** Excerpted data follows **
(* Let $\mathcal X_i=\Delta^{d_i}$ for all $i$. Let $G$ be one of the following: (1) the $\alpha$-divergence $G(\pi_i,\sigma_i)=\frac1{\alpha(1-\alpha)}(1-\sum_j\pi_{ij}^\alpha\sigma_{ij}^{1-\alpha})$ with $\alpha\in(0,1)$; (2) the Rényi divergence $G(\pi_i,\sigma_i)=\frac1{\alpha-1}\ln(\sum_j\pi_{ij}^\alpha\sigma_{ij}^{1-\alpha})$ with $\alpha\in(0,1)$; (3) the reverse KL divergence $G(\pi_i,\sigma_i)=\sum_j\sigma_{ij}\ln(\sigma_{ij}/\pi_{ij})$. Let $\mu>0$ and let $\sigma$ be in the interior of $\mathcal X$. If $\pi^{\mu,\sigma}=\sigma$, then $\sigma$ is a Nash equilibrium of the original (unperturbed) game.
   Context: Game. Let $N\ge1$. $\Delta^d=\{p\in[0,1]^d:\sum_jp_j=1\}$ denotes the probability simplex, and $\mathcal X=\prod_i\mathcal X_i$. Each $v_i:\mathcal X\to\mathbb R$ is differentiable, with block gradient $\nabla_{\pi_i}v_i$. The game is monotone: $\sum_i\langle\nabla_{\pi_i}v_i(\pi)-\nabla_{\pi_i}v_i(\pi'),\pi_i-\pi_i'\rangle\le0$ for all $\pi,\pi'$. A Nash equilibrium is a $\pi^*$ with $v_i(\pi^* )\ge v_i(\pi_i,\pi^*_{-i})$ for all $i$ and $\pi_i\in\mathcal X_i$. Perturbed equilibrium. For $\mu>0$ and $\sigma\in\mathcal X$, $\pi^{\mu,\sigma}$ is the profile with $\pi_i^{\mu,\sigma}\in\arg\max_{\pi_i\in\mathcal X_i}\{v_i(\pi_i,\pi^{\mu,\sigma}_{-i})-\mu G(\pi_i,\sigma_i)\}$ for all $i$. *)

theory Defs
  imports "HOL-Analysis.Analysis"
begin

text \<open>Players form a finite type 'n; player i's pure actions are a finite set
  A i of the finite type 'm (so d_i = card (A i)). A mixed strategy of player i
  is a vector in real^'m supported on A i; a profile is a real^'m^'n.\<close>

definition prob_simplex :: "'m::finite set \<Rightarrow> (real^'m) set" where
  "prob_simplex A = {p. (\<forall>j. 0 \<le> p$j) \<and> (\<forall>j. j \<notin> A \<longrightarrow> p$j = 0) \<and> (\<Sum>j\<in>A. p$j) = 1}"

definition profiles :: "('n::finite \<Rightarrow> 'm::finite set) \<Rightarrow> (real^'m^'n) set" where
  "profiles A = {\<pi>. \<forall>i. \<pi>$i \<in> prob_simplex (A i)}"

definition upd :: "real^'m^'n \<Rightarrow> 'n \<Rightarrow> real^'m \<Rightarrow> real^'m^'n" where
  "upd \<pi> i p = (\<chi> k. if k = i then p else \<pi>$k)"

definition block_grad :: "('n::finite \<Rightarrow> real^'m^'n \<Rightarrow> real) \<Rightarrow> 'n \<Rightarrow> real^'m^'n \<Rightarrow> real^'m::finite" where
  "block_grad v i \<pi> = (\<chi> j. frechet_derivative (\<lambda>p. v i (upd \<pi> i p)) (at (\<pi>$i)) (axis j 1))"

definition monotone_game :: "('n::finite \<Rightarrow> 'm::finite set) \<Rightarrow> ('n \<Rightarrow> real^'m^'n \<Rightarrow> real) \<Rightarrow> bool" where
  "monotone_game A v \<longleftrightarrow> (\<forall>\<pi>\<in>profiles A. \<forall>\<pi>'\<in>profiles A.
      (\<Sum>i\<in>UNIV. (block_grad v i \<pi> - block_grad v i \<pi>') \<bullet> (\<pi>$i - \<pi>'$i)) \<le> 0)"

definition nash_eq :: "('n::finite \<Rightarrow> 'm::finite set) \<Rightarrow> ('n \<Rightarrow> real^'m^'n \<Rightarrow> real) \<Rightarrow> real^'m^'n \<Rightarrow> bool" where
  "nash_eq A v \<pi> \<longleftrightarrow> \<pi> \<in> profiles A \<and> (\<forall>i. \<forall>p\<in>prob_simplex (A i). v i (upd \<pi> i p) \<le> v i \<pi>)"

definition alpha_div :: "real \<Rightarrow> 'm::finite set \<Rightarrow> real^'m \<Rightarrow> real^'m \<Rightarrow> ereal" where
  "alpha_div \<alpha> A p s = ereal (1 / (\<alpha> * (1 - \<alpha>)) * (1 - (\<Sum>j\<in>A. (p$j) powr \<alpha> * (s$j) powr (1 - \<alpha>))))"

definition renyi_div :: "real \<Rightarrow> 'm::finite set \<Rightarrow> real^'m \<Rightarrow> real^'m \<Rightarrow> ereal" where
  "renyi_div \<alpha> A p s = (let S = (\<Sum>j\<in>A. (p$j) powr \<alpha> * (s$j) powr (1 - \<alpha>)) in
     if S = 0 then \<infinity> else ereal (1 / (\<alpha> - 1) * ln S))"

definition rev_kl :: "'m::finite set \<Rightarrow> real^'m \<Rightarrow> real^'m \<Rightarrow> ereal" where
  "rev_kl A p s = (if \<forall>j\<in>A. 0 < s$j \<longrightarrow> 0 < p$j
     then ereal (\<Sum>j\<in>A. s$j * ln (s$j / p$j)) else \<infinity>)"

text \<open>pi is a perturbed equilibrium pi^{mu,sigma}: each pi_i maximizes
  v_i(., pi_{-i}) - mu G(., sigma_i) over player i's prob_simplex.\<close>
definition perturbed_eq :: "('n::finite \<Rightarrow> 'm::finite set) \<Rightarrow> ('n \<Rightarrow> real^'m^'n \<Rightarrow> real)
    \<Rightarrow> ('m set \<Rightarrow> real^'m \<Rightarrow> real^'m \<Rightarrow> ereal) \<Rightarrow> real \<Rightarrow> real^'m^'n \<Rightarrow> real^'m^'n \<Rightarrow> bool" where
  "perturbed_eq A v G \<mu> \<sigma> \<pi> \<longleftrightarrow> \<pi> \<in> profiles A \<and>
     (\<forall>i. \<forall>p\<in>prob_simplex (A i).
        ereal (v i (upd \<pi> i p)) - ereal \<mu> * G (A i) p (\<sigma>$i)
          \<le> ereal (v i \<pi>) - ereal \<mu> * G (A i) (\<pi>$i) (\<sigma>$i))"

end

theory Submission
  imports Defs
begin

text \<open>Fix a player \<open>i\<close>, a strategy \<open>p\<close> and put \<open>e = p - \<sigma>\<^sub>i\<close>. For each of the three
  divergences, \<open>t \<mapsto> G(\<sigma>\<^sub>i + t e, \<sigma>\<^sub>i)\<close> is differentiable at \<open>0\<close> with value and derivative
  \<open>0\<close>, so the perturbation is invisible to first order at \<open>\<sigma>\<close> and the fixed point property
  yields the variational inequality \<open>\<langle>\<nabla>v\<^sub>i(\<sigma>), e\<rangle> \<le> 0\<close> for the block gradient. By
  monotonicity of the game, the derivative of \<open>v\<^sub>i\<close> in direction \<open>e\<close> can only decrease along
  the segment from \<open>\<sigma>\<close> to the unilateral deviation to \<open>p\<close>, so \<open>v\<^sub>i\<close> does not increase
  along it.\<close>

definition block_embed :: "'n \<Rightarrow> real^'m \<Rightarrow> real^'m^'n" where
  "block_embed i e = (\<chi> k. if k = i then e else 0)"

lemma linear_block_embed: "linear (block_embed i)"
  by (rule linearI) (auto simp: block_embed_def vec_eq_iff)

lemma upd_nth_self [simp]: "upd \<pi> i (\<pi>$i) = \<pi>"
  by (auto simp: upd_def vec_eq_iff)

lemma upd_nth [simp]: "upd \<pi> i q $ k = (if k = i then q else \<pi>$k)"
  by (simp add: upd_def)

lemma linear_eq_sum_axis:
  fixes f :: "real^'m::finite \<Rightarrow> real"
  assumes "linear f"
  shows "f x = (\<Sum>j\<in>UNIV. x$j * f (axis j 1))"
proof -
  have "f x = f (\<Sum>j\<in>UNIV. x$j *\<^sub>R axis j 1)"
    using basis_expansion[of x] by (simp add: scalar_mult_eq_scaleR)
  also have "\<dots> = (\<Sum>j\<in>UNIV. x$j * f (axis j 1))"
    using assms by (simp add: linear_sum linear_scale)
  finally show ?thesis .
qed

lemma block_grad_inner:
  assumes "v i differentiable (at \<pi>)"
  shows "block_grad v i \<pi> \<bullet> e = frechet_derivative (v i) (at \<pi>) (block_embed i e)"
proof -
  let ?L = "frechet_derivative (v i) (at \<pi>)"
  have L: "(v i has_derivative ?L) (at \<pi>)"
    using assms frechet_derivative_works by blast
  have upd_affine: "upd \<pi> i = (\<lambda>p. block_embed i p + upd \<pi> i 0)"
    by (auto simp: upd_def block_embed_def vec_eq_iff)
  have "((\<lambda>p. block_embed i p + upd \<pi> i 0) has_derivative block_embed i) (at (\<pi>$i))"
    using linear_block_embed
    by (intro has_derivative_add_const bounded_linear_imp_has_derivative)
      (simp add: linear_conv_bounded_linear)
  then have "((\<lambda>p. upd \<pi> i p) has_derivative block_embed i) (at (\<pi>$i))"
    by (subst upd_affine)
  from diff_chain_at[OF this, of "v i" ?L] L
  have "((\<lambda>p. v i (upd \<pi> i p)) has_derivative ?L \<circ> block_embed i) (at (\<pi>$i))"
    by (simp add: comp_def)
  then have "frechet_derivative (\<lambda>p. v i (upd \<pi> i p)) (at (\<pi>$i)) = ?L \<circ> block_embed i"
    by (rule frechet_derivative_at[symmetric])
  moreover have "linear (?L \<circ> block_embed i)"
    using L has_derivative_linear linear_block_embed linear_compose by blast
  ultimately show ?thesis
    using linear_eq_sum_axis[of "?L \<circ> block_embed i" e]
    by (simp add: block_grad_def inner_vec_def mult.commute)
qed

lemma has_real_derivative_along_upd:
  assumes "v i differentiable (at (upd \<pi> i (q + t *\<^sub>R e)))"
  shows "((\<lambda>t. v i (upd \<pi> i (q + t *\<^sub>R e))) has_real_derivative
           block_grad v i (upd \<pi> i (q + t *\<^sub>R e)) \<bullet> e) (at t)"
proof -
  let ?D = "frechet_derivative (v i) (at (upd \<pi> i (q + t *\<^sub>R e)))"
  have D: "(v i has_derivative ?D) (at (upd \<pi> i (q + t *\<^sub>R e)))"
    using assms frechet_derivative_works by blast
  have upd_line: "upd \<pi> i (q + s *\<^sub>R e) = upd \<pi> i q + s *\<^sub>R block_embed i e" for s
    by (auto simp: upd_def block_embed_def vec_eq_iff)
  have "((\<lambda>s. upd \<pi> i (q + s *\<^sub>R e)) has_derivative (\<lambda>h. h *\<^sub>R block_embed i e)) (at t)"
    unfolding upd_line by (auto intro!: derivative_eq_intros)
  from diff_chain_at[OF this D]
  have "((\<lambda>s. v i (upd \<pi> i (q + s *\<^sub>R e))) has_derivative (\<lambda>h. ?D (block_embed i e) * h)) (at t)"
    using linear_scale[OF has_derivative_linear[OF D]] by (simp add: o_def mult.commute)
  then show ?thesis
    unfolding has_field_derivative_def block_grad_inner[of v i, OF assms] .
qed

lemma has_real_derivative_nonpos_at_right_max:
  fixes f :: "real \<Rightarrow> real"
  assumes "(f has_real_derivative D) (at x)" and "0 < d"
    and "\<And>h. 0 < h \<Longrightarrow> h < d \<Longrightarrow> f (x + h) \<le> f x"
  shows "D \<le> 0"
proof (rule ccontr)
  assume "\<not> D \<le> 0"
  with DERIV_pos_inc_right[OF assms(1)] obtain d' where "0 < d'"
    and inc: "\<And>h. 0 < h \<Longrightarrow> h < d' \<Longrightarrow> f x < f (x + h)" by auto
  define h where "h = min d d' / 2"
  have "0 < h" "h < d" "h < d'"
    using \<open>0 < d\<close> \<open>0 < d'\<close> by (auto simp: h_def)
  with assms(3) inc show False by fastforce
qed

lemma segment_in_prob_simplex:
  assumes "s \<in> prob_simplex A" "p \<in> prob_simplex A" "0 \<le> t" "t \<le> 1"
  shows "s + t *\<^sub>R (p - s) \<in> prob_simplex A"
proof -
  have "(\<Sum>j\<in>A. (1 - t) * s$j + t * p$j) = (1 - t) * (\<Sum>j\<in>A. s$j) + t * (\<Sum>j\<in>A. p$j)"
    by (simp add: sum.distrib sum_distrib_left)
  moreover have "0 \<le> (1 - t) * s$j + t * p$j" for j
    using assms by (simp add: prob_simplex_def)
  ultimately show ?thesis
    using assms by (auto simp: prob_simplex_def algebra_simps)
qed

lemma upd_in_profiles:
  "\<pi> \<in> profiles A \<Longrightarrow> q \<in> prob_simplex (A i) \<Longrightarrow> upd \<pi> i q \<in> profiles A"
  by (simp add: profiles_def)

lemma monotone_game_unilateral:
  assumes "monotone_game A v" "\<pi> \<in> profiles A" "q \<in> prob_simplex (A i)"
  shows "(block_grad v i (upd \<pi> i q) - block_grad v i \<pi>) \<bullet> (q - \<pi>$i) \<le> 0"
proof -
  have "(\<Sum>k\<in>UNIV. (block_grad v k (upd \<pi> i q) - block_grad v k \<pi>) \<bullet> (upd \<pi> i q $ k - \<pi>$k)) \<le> 0"
    using assms upd_in_profiles unfolding monotone_game_def by blast
  moreover have "(\<Sum>k\<in>UNIV. (block_grad v k (upd \<pi> i q) - block_grad v k \<pi>) \<bullet> (upd \<pi> i q $ k - \<pi>$k))
      = (block_grad v i (upd \<pi> i q) - block_grad v i \<pi>) \<bullet> (q - \<pi>$i)"
    by (subst sum.remove[of _ i]) auto
  ultimately show ?thesis by simp
qed

lemma nash_eq_if_variational_inequality:
  assumes diff: "\<And>i \<pi>. \<pi> \<in> profiles A \<Longrightarrow> v i differentiable (at \<pi>)"
    and mono: "monotone_game A v" and prof: "\<sigma> \<in> profiles A"
    and vi: "\<And>i p. p \<in> prob_simplex (A i) \<Longrightarrow> block_grad v i \<sigma> \<bullet> (p - \<sigma>$i) \<le> 0"
  shows "nash_eq A v \<sigma>"
  unfolding nash_eq_def
proof (intro conjI allI ballI prof)
  fix i p assume p: "p \<in> prob_simplex (A i)"
  define e where "e = p - \<sigma>$i"
  define \<pi> where "\<pi> t = upd \<sigma> i (\<sigma>$i + t *\<^sub>R e)" for t
  have s: "\<sigma>$i \<in> prob_simplex (A i)"
    using prof by (simp add: profiles_def)
  have seg: "\<sigma>$i + t *\<^sub>R e \<in> prob_simplex (A i)" if "0 \<le> t" "t \<le> 1" for t
    using segment_in_prob_simplex[OF s p that] by (simp add: e_def)
  have descent: "block_grad v i (\<pi> t) \<bullet> e \<le> 0" if "0 \<le> t" "t \<le> 1" for t
  proof (cases "t = 0")
    case True
    then show ?thesis using vi[OF p] by (simp add: \<pi>_def e_def)
  next
    case False
    have "t * ((block_grad v i (\<pi> t) - block_grad v i \<sigma>) \<bullet> e) \<le> 0"
      using monotone_game_unilateral[OF mono prof seg[OF that]] by (simp add: \<pi>_def)
    with False that have "block_grad v i (\<pi> t) \<bullet> e \<le> block_grad v i \<sigma> \<bullet> e"
      by (simp add: mult_le_0_iff inner_diff_left)
    with vi[OF p] show ?thesis by (simp add: e_def)
  qed
  have "v i (\<pi> 1) \<le> v i (\<pi> 0)"
  proof (rule DERIV_nonpos_imp_nonincreasing[of 0 1 "\<lambda>t. v i (\<pi> t)"])
    fix t :: real assume "0 \<le> t" "t \<le> 1"
    with descent diff upd_in_profiles[OF prof seg] has_real_derivative_along_upd
    show "\<exists>D. ((\<lambda>t. v i (\<pi> t)) has_real_derivative D) (at t) \<and> D \<le> 0"
      unfolding \<pi>_def by blast
  qed simp
  then show "v i (upd \<sigma> i p) \<le> v i \<sigma>"
    by (simp add: \<pi>_def e_def)
qed

definition stationary_along ::
    "('m::finite set \<Rightarrow> real^'m \<Rightarrow> real^'m \<Rightarrow> ereal) \<Rightarrow> 'm set \<Rightarrow> real^'m \<Rightarrow> real^'m \<Rightarrow> bool" where
  "stationary_along G A s e \<longleftrightarrow> (\<exists>\<phi>. (\<phi> has_real_derivative 0) (at 0) \<and> \<phi> 0 = 0 \<and>
     (\<forall>t. (\<forall>j\<in>A. 0 < s$j + t * e$j) \<longrightarrow> G A (s + t *\<^sub>R e) s = ereal (\<phi> t)))"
** End of Excerpted data **
Aim of the task: Every line from the line containing "fix i p assume" through the line containing "using monotone_game_unilateral[OF mono" in the records above must be retyped exactly. Leave out the rest.

Answer for this exercise:
  fix i p assume p: "p \<in> prob_simplex (A i)"
  define e where "e = p - \<sigma>$i"
  define \<pi> where "\<pi> t = upd \<sigma> i (\<sigma>$i + t *\<^sub>R e)" for t
  have s: "\<sigma>$i \<in> prob_simplex (A i)"
    using prof by (simp add: profiles_def)
  have seg: "\<sigma>$i + t *\<^sub>R e \<in> prob_simplex (A i)" if "0 \<le> t" "t \<le> 1" for t
    using segment_in_prob_simplex[OF s p that] by (simp add: e_def)
  have descent: "block_grad v i (\<pi> t) \<bullet> e \<le> 0" if "0 \<le> t" "t \<le> 1" for t
  proof (cases "t = 0")
    case True
    then show ?thesis using vi[OF p] by (simp add: \<pi>_def e_def)
  next
    case False
    have "t * ((block_grad v i (\<pi> t) - block_grad v i \<sigma>) \<bullet> e) \<le> 0"
      using monotone_game_unilateral[OF mono prof seg[OF that]] by (simp add: \<pi>_def)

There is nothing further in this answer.